If not real CNDD, what then causes the latitudinal patterns in the (biased) CNDD estimates? Diversity differences alone could create a latitudinal pattern in mean CNDD but would not lead to a latitudinal shift of the CNDD-abundance correlation (Fig. 1). However, either latitudinal differences in spatial processes [e.g., stronger habitat effects or reduced dispersal in temperate regions (9)] or latitudinal differences in the size structure could create the pattern. Size structure is a highly sensitive parameter for the bias because LaManna et al. distinguished adults and recruits according to their diameter (Fig. 1, adult proportion). Because the original data were not fully available to us, we could not examine these possibilities in more detail.
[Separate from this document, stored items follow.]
(* Let $\Sigma$ be a finite disjoint union of compact connected one-dimensional Riemannian manifolds each having non-empty boundary, and let $g$ be a smooth positive function on $\Sigma$. Then $$\lambda(\Sigma,g)\geq \pi\left(\int_\Sigma g\right)^{-1}.$$
   Context: The weighted fundamental frequency is $$\lambda(\Sigma,g)=\inf_{\varphi}\left(\frac{\int_\Sigma |D\varphi|^2 g^{-1}}{\int_\Sigma\varphi^2 g}\right)^{1/2},$$ where $D\varphi$ is the derivative of $\varphi$ with respect to the arclength (inner metric) of $\Sigma$, integrals are with respect to arclength, and the infimum is over all Lipschitz functions $\varphi$ on $\Sigma$, not identically zero, with $\varphi=0$ on $\partial\Sigma$. *)

theory Defs
  imports "HOL-Analysis.Analysis"
begin

text \<open>Sigma is modelled (up to isometry) as a disjoint union of n closed intervals
  [0, L i], i < n, each with arclength parametrisation. Functions on Sigma are families
  indexed by the component.\<close>

definition smooth_on_interval :: "real \<Rightarrow> real \<Rightarrow> (real \<Rightarrow> real) \<Rightarrow> bool" where
  "smooth_on_interval a b f \<longleftrightarrow>
     (\<exists>D :: nat \<Rightarrow> real \<Rightarrow> real.
        (\<forall>x\<in>{a..b}. D 0 x = f x) \<and>
        (\<forall>k. \<forall>x\<in>{a..b}. (D k has_real_derivative D (Suc k) x) (at x within {a..b})))"

definition admissible :: "nat \<Rightarrow> (nat \<Rightarrow> real) \<Rightarrow> (nat \<Rightarrow> real \<Rightarrow> real) \<Rightarrow> bool" where
  "admissible n L \<phi> \<longleftrightarrow>
     (\<forall>i<n. (\<exists>C. C-lipschitz_on {0..L i} (\<phi> i)) \<and> \<phi> i 0 = 0 \<and> \<phi> i (L i) = 0) \<and>
     (\<exists>i<n. \<exists>x\<in>{0..L i}. \<phi> i x \<noteq> 0)"

definition weighted_fund_freq ::
  "nat \<Rightarrow> (nat \<Rightarrow> real) \<Rightarrow> (nat \<Rightarrow> real \<Rightarrow> real) \<Rightarrow> real" where
  "weighted_fund_freq n L g =
     Inf {sqrt ((\<Sum>i<n. integral {0..L i}
                    (\<lambda>x. (vector_derivative (\<phi> i) (at x within {0..L i}))\<^sup>2 / g i x))
              / (\<Sum>i<n. integral {0..L i} (\<lambda>x. (\<phi> i x)\<^sup>2 * g i x)))
          | \<phi>. admissible n L \<phi>}"

end

theory Submission
  imports Defs
begin

text \<open>
  Fix one component \<open>[a, b]\<close> and \<open>0 < k\<close> with \<open>k \<integral>\<^sub>a\<^sup>b g < \<pi>\<close>. The function
  \<open>h = k tan (k \<integral>\<^sub>a\<^sup>x g - k \<integral>\<^sub>a\<^sup>b g / 2)\<close> solves the Riccati equation \<open>h' = g (k\<^sup>2 + h\<^sup>2)\<close>
  on all of \<open>[a, b]\<close>, and Picone's identity gives, wherever \<open>\<phi>\<close> is differentiable,
  \<open>\<phi>'\<^sup>2 / g - k\<^sup>2 \<phi>\<^sup>2 g + (h \<phi>\<^sup>2)' = (\<phi>' + g h \<phi>)\<^sup>2 / g \<ge> 0\<close>. Since \<open>\<phi>\<close> vanishes at
  \<open>a\<close> and \<open>b\<close>, \<open>(h \<phi>\<^sup>2)'\<close> integrates to zero, so \<open>k\<^sup>2 \<integral> \<phi>\<^sup>2 g \<le> \<integral> \<phi>'\<^sup>2 / g\<close>; letting
  \<open>k \<rightarrow> \<pi> / \<integral> g\<close> and using \<open>\<integral>\<^sub>a\<^sup>b g \<le> \<integral>\<^sub>\<Sigma> g\<close> on every component gives the bound.

  The energy is built from the pointwise derivative of a Lipschitz test function, so the
  argument needs the fundamental theorem of calculus for Lipschitz functions, i.e.\ Lebesgue's
  theorem that they are differentiable almost everywhere. For a monotone Lipschitz \<open>F\<close> and
  rationals \<open>0 < p < q\<close>, the points where the right difference quotients are frequently
  above \<open>q\<close> and the left ones frequently below \<open>p\<close> satisfy \<open>q \<lambda>(E) \<le> p \<lambda>(U)\<close> for every
  open \<open>U \<supseteq> E\<close> (two Vitali coverings by intervals, compared through the Lebesgue--Stieltjes
  measure of \<open>F\<close>), hence form a null set.
\<close>

section \<open>Lipschitz functions are differentiable almost everywhere\<close>

lemma Vitali_covering_intervals:
  fixes S :: "real set" and P :: "real \<Rightarrow> real \<Rightarrow> bool"
  assumes "\<And>x d. x \<in> S \<Longrightarrow> 0 < d \<Longrightarrow> \<exists>a b. x \<in> {a..b} \<and> a < b \<and> b - a < d \<and> P a b"
  obtains C where "countable C" "\<And>a b. (a, b) \<in> C \<Longrightarrow> a < b \<and> P a b"
    "disjoint_family_on (\<lambda>(a, b). {a..b}) C" "negligible (S - (\<Union>(a, b)\<in>C. {a..b}))"
proof -
  define K where "K = {(a, b). a < b \<and> P a b}"
  define c where "c = (\<lambda>(a::real, b::real). (a + b) / 2)"
  define r where "r = (\<lambda>(a::real, b::real). (b - a) / 2)"
  have cball_eq: "cball (c i) (r i) = {fst i..snd i}" for i
    by (cases i) (simp add: c_def r_def cball_eq_atLeastAtMost field_simps)
  have cover: "\<exists>i. i \<in> K \<and> x \<in> cball (c i) (r i) \<and> r i < d" if x: "x \<in> S" and d: "0 < d" for x d
  proof -
    obtain a b where "x \<in> {a..b}" "a < b" "b - a < 2 * d" "P a b"
      using assms[OF x, of "2 * d"] d by auto
    then show ?thesis
      unfolding cball_eq by (intro exI[of _ "(a, b)"]) (auto simp: K_def r_def)
  qed
  have r_pos: "0 < r i" if "i \<in> K" for i using that by (auto simp: K_def r_def)
  obtain C where "countable C" "C \<subseteq> K"
    "pairwise (\<lambda>i j. disjnt (cball (c i) (r i)) (cball (c j) (r j))) C"
    "negligible (S - (\<Union>i\<in>C. cball (c i) (r i)))"
    by (rule Vitali_covering_theorem_cballs[of K r S c, OF r_pos cover]) blast+
  note C = this
  show ?thesis
  proof (rule that[of C])
    show "a < b \<and> P a b" if "(a, b) \<in> C" for a b using that C(2) by (auto simp: K_def)
    show "disjoint_family_on (\<lambda>(a, b). {a..b}) C"
      using C(3) unfolding disjoint_family_on_def pairwise_def disjnt_def cball_eq
      by (simp add: case_prod_beta)
    show "negligible (S - (\<Union>(a, b)\<in>C. {a..b}))"
      using C(4) unfolding cball_eq by (simp add: case_prod_beta)
  qed (rule C(1))
qed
We believe that LaManna et al.’s results should be interpreted far more carefully. Given the instability of the statistical methods, we do not see strong evidence for any of the reported CNDD patterns. To us, the findings mainly suggest that the spatial association between adults and recruits in the tropics is surprisingly weak, as already reported by (15), and that either this spatial association becomes stronger toward the temperate zone, or another parameter (possibly size structure) creates the latitudinal pattern in the biased estimator. A latitudinal gradient of abundance-dependent CNDD would also be compatible with our findings, but overall, we find it far more likely that a range of ecological processes—possibly in combination with CNDD, but not primarily driven by it—are responsible for the reported patterns.

References and Notes

  1. Code and technical details of the data simulations and analyses are archived at https://github.com/LisaHuelsmann/CommentTo-LaMannaEtAl-Science.
  2. Note that LaManna et al. stated that they applied a random intercept and slope for CNDD (supplementary material, p. 5), but the code we obtained from the authors suppresses the random intercept, which is in line with the results they reported.
Acknowledgments: We thank R. Condit and S. P. Hubbell for providing the BCI data and for discussion that improved this comment. The BCI forest dynamics research project was founded by S. P. Hubbell and R. B. Foster and is now managed by R. Condit, S. Lao, and R. Perez under the Center for Tropical Forest Science and the Smithsonian Tropical Research Institute in Panama. Numerous organizations have provided funding, principally the U.S. National Science Foundation, and hundreds of field workers have contributed.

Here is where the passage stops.